The European Court of Justice’s (ECJ) decision in late November in King v The Sash Window Workshop Ltd [2017] EUECJ C-214/16 (29 November 2017) may have far-reaching impact on businesses which routinely use “self-employed” workers.

King, who was a commission only salesman, had his contract of 14 years terminated in 2012 when he reached the age of 65.

He claimed unlawful age discrimination, and a failure by the company to pay him both for the leave he had taken, and the untaken leave he could have been entitled to under the Working Time Regulations 1998.

At first instance the employment tribunal awarded King £3,000 for injury to feelings, and more than £9,000 in respect of holiday pay. King appealed against the award for injury to feelings, maintaining that the tribunal had failed to take full account of the humiliation, anger and stress stemming from his forced retiral, and the company appealed against the award of holiday pay, on the basis that entitlement fell at the end of the leave year, in the same way as entitlement to leave not taken. The EAT found that he did not have a contract of employment but he was a worker. Both appeals were successful before the Employment Appeal Tribunal. The EAT sent the case back for consideration by a fresh tribunal. King appealed to the Court of Appeal, which referred the question of holiday pay to the ECJ.

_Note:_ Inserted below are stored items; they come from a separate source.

(* Every finitely generated $L^0(Y)$-submodule $\mathcal M$ of $L^2(X|Y)$ is closed with respect to the metric $d_{X|Y}$.
   Context: $(X,\mu)$ is a probability algebra ($\sigma$-complete Boolean algebra with strictly positive countably additive probability measure, not necessarily separable) and $Y\subseteq X$ a $\sigma$-complete subalgebra with $\nu=\mu|_Y$. $\tilde X,\tilde Y$ are the Stone spaces, $\tilde\mu,\tilde\nu$ the induced Baire–Radon probability measures, $\tilde\pi:\tilde X\to\tilde Y$ the induced continuous surjection; $L^0(X)$ is the space of a.e.-classes of complex Baire-measurable functions on $\tilde X$, and $L^0(Y)$ is identified with a subring of $L^0(X)$ via $g\mapsto g\circ\tilde\pi$; $\mathbb E(\cdot|Y)$ is conditional expectation (for nonnegative functions with values in $[0,\infty]$). $L^2(X|Y):=\{f\in L^0(X):\mathbb E(|f|^2|Y)<\infty\text{ a.e.}\}$, $\|f\|_{X|Y}:=\mathbb E(|f|^2|Y)^{1/2}$, and $d_{X|Y}(f,g):=\int_{\tilde Y}\min(1,\|f-g\|_{X|Y})\,d\tilde\nu$. A finitely generated $L^0(Y)$-submodule of $L^2(X|Y)$ is a set $\{\sum_{g\in F}a_gg:a_g\in L^0(Y)\}$ for some finite $F\subseteq L^2(X|Y)$. *)

theory Defs
  imports "HOL-Probability.Probability"
begin

definition cond_norm :: "'a measure \<Rightarrow> 'a measure \<Rightarrow> ('a \<Rightarrow> complex) \<Rightarrow> 'a \<Rightarrow> ennreal" where
  "cond_norm M F f x =
     (let e = nn_cond_exp M F (\<lambda>y. ennreal ((cmod (f y))\<^sup>2)) x
      in if e = \<infinity> then \<infinity> else ennreal (sqrt (enn2real e)))"

definition L2_cond :: "'a measure \<Rightarrow> 'a measure \<Rightarrow> ('a \<Rightarrow> complex) set" where
  "L2_cond M F = {f. f \<in> borel_measurable M \<and>
      (AE x in M. nn_cond_exp M F (\<lambda>y. ennreal ((cmod (f y))\<^sup>2)) x < \<infinity>)}"

definition d_cond :: "'a measure \<Rightarrow> 'a measure \<Rightarrow> ('a \<Rightarrow> complex) \<Rightarrow> ('a \<Rightarrow> complex) \<Rightarrow> real" where
  "d_cond M F f g =
     enn2real (\<integral>\<^sup>+ x. min 1 (cond_norm M F (\<lambda>y. f y - g y) x) \<partial>(restr_to_subalg M F))"

text \<open>The L0(F)-submodule generated by a finite set G (as a set of representatives,
  saturated under M-a.e. equality).\<close>
definition gen_module :: "'a measure \<Rightarrow> 'a measure \<Rightarrow> ('a \<Rightarrow> complex) set \<Rightarrow> ('a \<Rightarrow> complex) set" where
  "gen_module M F G = {h. h \<in> borel_measurable M \<and>
      (\<exists>a. (\<forall>g\<in>G. a g \<in> borel_measurable F) \<and>
           (AE x in M. h x = (\<Sum>g\<in>G. a g x * g x)))}"

end

theory Submission
  imports Defs
begin

(* Induction on the number of generators, by a conditional Gram-Schmidt step. Write
   <h, g> = E(h * cnj g | F) and let P h = h - (<h, g> / <g, g>) g be the part of h that is
   conditionally orthogonal to the first generator g. For h in the module, h - f splits as
   (P h - P f) + beta g with P h - P f orthogonal to g and beta F-measurable, so the conditional
   Pythagoras identity gives E(|P h - P f|^2 | F) <= E(|h - f|^2 | F) pointwise and hence
   d(P h, P f) <= d(h, f). Therefore P f is a d-limit of elements of the module generated by the
   projections of the remaining generators, lies in it by induction, and f = P f + (<f, g> / <g, g>) g
   lies in the original module.
   The conditional expectations involved need not be integrable; their L0(F)-linearity is
   reduced to the integrable case by localising to the F-sets on which E(|X| | F) and the
   coefficients are bounded. *)

lemma borel_measurable_cnj [measurable]:
  fixes f :: "'b \<Rightarrow> complex"
  assumes [measurable]: "f \<in> borel_measurable N"
  shows "(\<lambda>x. cnj (f x)) \<in> borel_measurable N"
  unfolding borel_measurable_complex_iff by simp

lemma AE_by_countable_cover:
  assumes "\<And>N::nat. AE x in M. x \<in> A N \<longrightarrow> P x" and "AE x in M. \<exists>N. x \<in> A N"
  shows "AE x in M. P x"
proof -
  have "AE x in M. \<forall>N. x \<in> A N \<longrightarrow> P x"
    using assms(1) by (subst AE_all_countable) blast
  with assms(2) show ?thesis by eventually_elim blast
qed

lemma borel_measurable_sum_mult:
  fixes a b :: "nat \<Rightarrow> 'b \<Rightarrow> complex"
  assumes "\<And>i. i < n \<Longrightarrow> a i \<in> borel_measurable N" and "\<And>i. i < n \<Longrightarrow> b i \<in> borel_measurable N"
  shows "(\<lambda>x. \<Sum>i<n. a i x * b i x) \<in> borel_measurable N"
proof (rule borel_measurable_sum)
  fix i assume "i \<in> {..<n}"
  then have [measurable]: "a i \<in> borel_measurable N" "b i \<in> borel_measurable N"
    using assms by simp_all
  show "(\<lambda>x. a i x * b i x) \<in> borel_measurable N" by measurable
qed

lemma sum_set_eq_sum_nth:
  assumes "distinct xs"
  shows "(\<Sum>x\<in>set xs. f x) = (\<Sum>i<length xs. f (xs ! i))"
  by (rule sum.reindex_bij_betw[OF bij_betw_nth[OF assms refl refl], symmetric])

lemma abs_Re_Im_mult_cnj_le:
  fixes z w :: complex
  shows "\<bar>Re (z * cnj w)\<bar> \<le> \<bar>(cmod z)\<^sup>2 + (cmod w)\<^sup>2\<bar>"
    and "\<bar>Im (z * cnj w)\<bar> \<le> \<bar>(cmod z)\<^sup>2 + (cmod w)\<^sup>2\<bar>"
proof -
  have "cmod z * cmod w \<le> (cmod z)\<^sup>2 + (cmod w)\<^sup>2"
    using sum_squares_bound[of "cmod z" "cmod w"] mult_nonneg_nonneg[OF norm_ge_zero norm_ge_zero, of z w]
    by linarith
  moreover have "\<bar>Re (z * cnj w)\<bar> \<le> cmod z * cmod w" "\<bar>Im (z * cnj w)\<bar> \<le> cmod z * cmod w"
    using abs_Re_le_cmod[of "z * cnj w"] abs_Im_le_cmod[of "z * cnj w"] by (simp_all add: norm_mult)
  ultimately show "\<bar>Re (z * cnj w)\<bar> \<le> \<bar>(cmod z)\<^sup>2 + (cmod w)\<^sup>2\<bar>"
    "\<bar>Im (z * cnj w)\<bar> \<le> \<bar>(cmod z)\<^sup>2 + (cmod w)\<^sup>2\<bar>"
    by auto
qed

context finite_measure_subalgebra
begin

section \<open>Conditionally integrable functions\<close>

lemma sets_subalgD: "A \<in> sets F \<Longrightarrow> A \<in> sets M"
  using subalg by (auto simp: subalgebra_def)

lemma space_subalg: "space F = space M"
  using subalg by (auto simp: subalgebra_def)

definition cond_integrable :: "('a \<Rightarrow> real) \<Rightarrow> bool" where
  "cond_integrable X \<longleftrightarrow>
     X \<in> borel_measurable M \<and> (AE x in M. nn_cond_exp M F (\<lambda>y. ennreal \<bar>X y\<bar>) x < \<infinity>)"

lemma cond_integrable_measurable [measurable_dest]: "cond_integrable X \<Longrightarrow> X \<in> borel_measurable M"
  by (simp add: cond_integrable_def)

lemma cond_integrable_dominated:
  assumes ciZ: "cond_integrable Z" and [measurable]: "Y \<in> borel_measurable M"
    and le: "\<And>y. \<bar>Y y\<bar> \<le> \<bar>Z y\<bar>"
  shows "cond_integrable Y"
proof -
  have [measurable]: "Z \<in> borel_measurable M" using ciZ by simp
  have "AE x in M. nn_cond_exp M F (\<lambda>y. ennreal \<bar>Y y\<bar>) x \<le> nn_cond_exp M F (\<lambda>y. ennreal \<bar>Z y\<bar>) x"
    by (rule nn_cond_exp_mono) (auto intro: ennreal_leI le)
  moreover have "AE x in M. nn_cond_exp M F (\<lambda>y. ennreal \<bar>Z y\<bar>) x < \<infinity>"
    using ciZ by (simp add: cond_integrable_def)
  ultimately have "AE x in M. nn_cond_exp M F (\<lambda>y. ennreal \<bar>Y y\<bar>) x < \<infinity>"
    by eventually_elim (rule le_less_trans)
  then show ?thesis
    by (simp add: cond_integrable_def)
qed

The ECJ held that workers cannot be required to take unpaid leave before making a claim for payment, and that it is not lawful to prevent a worker from carrying untaken leave forward until termination because his employer refused to remunerate the leave, as any other outcome would allow employers to benefit and the aims of the directive to be flouted.

The case now returns to the Court of Appeal, with clear guidance that Mr King’s award for untaken holidays should stand. In an ironic twist to this troubled and costly saga, the company had offered to take Mr King on as an employee, but he had refused, preferring to remain self-employed.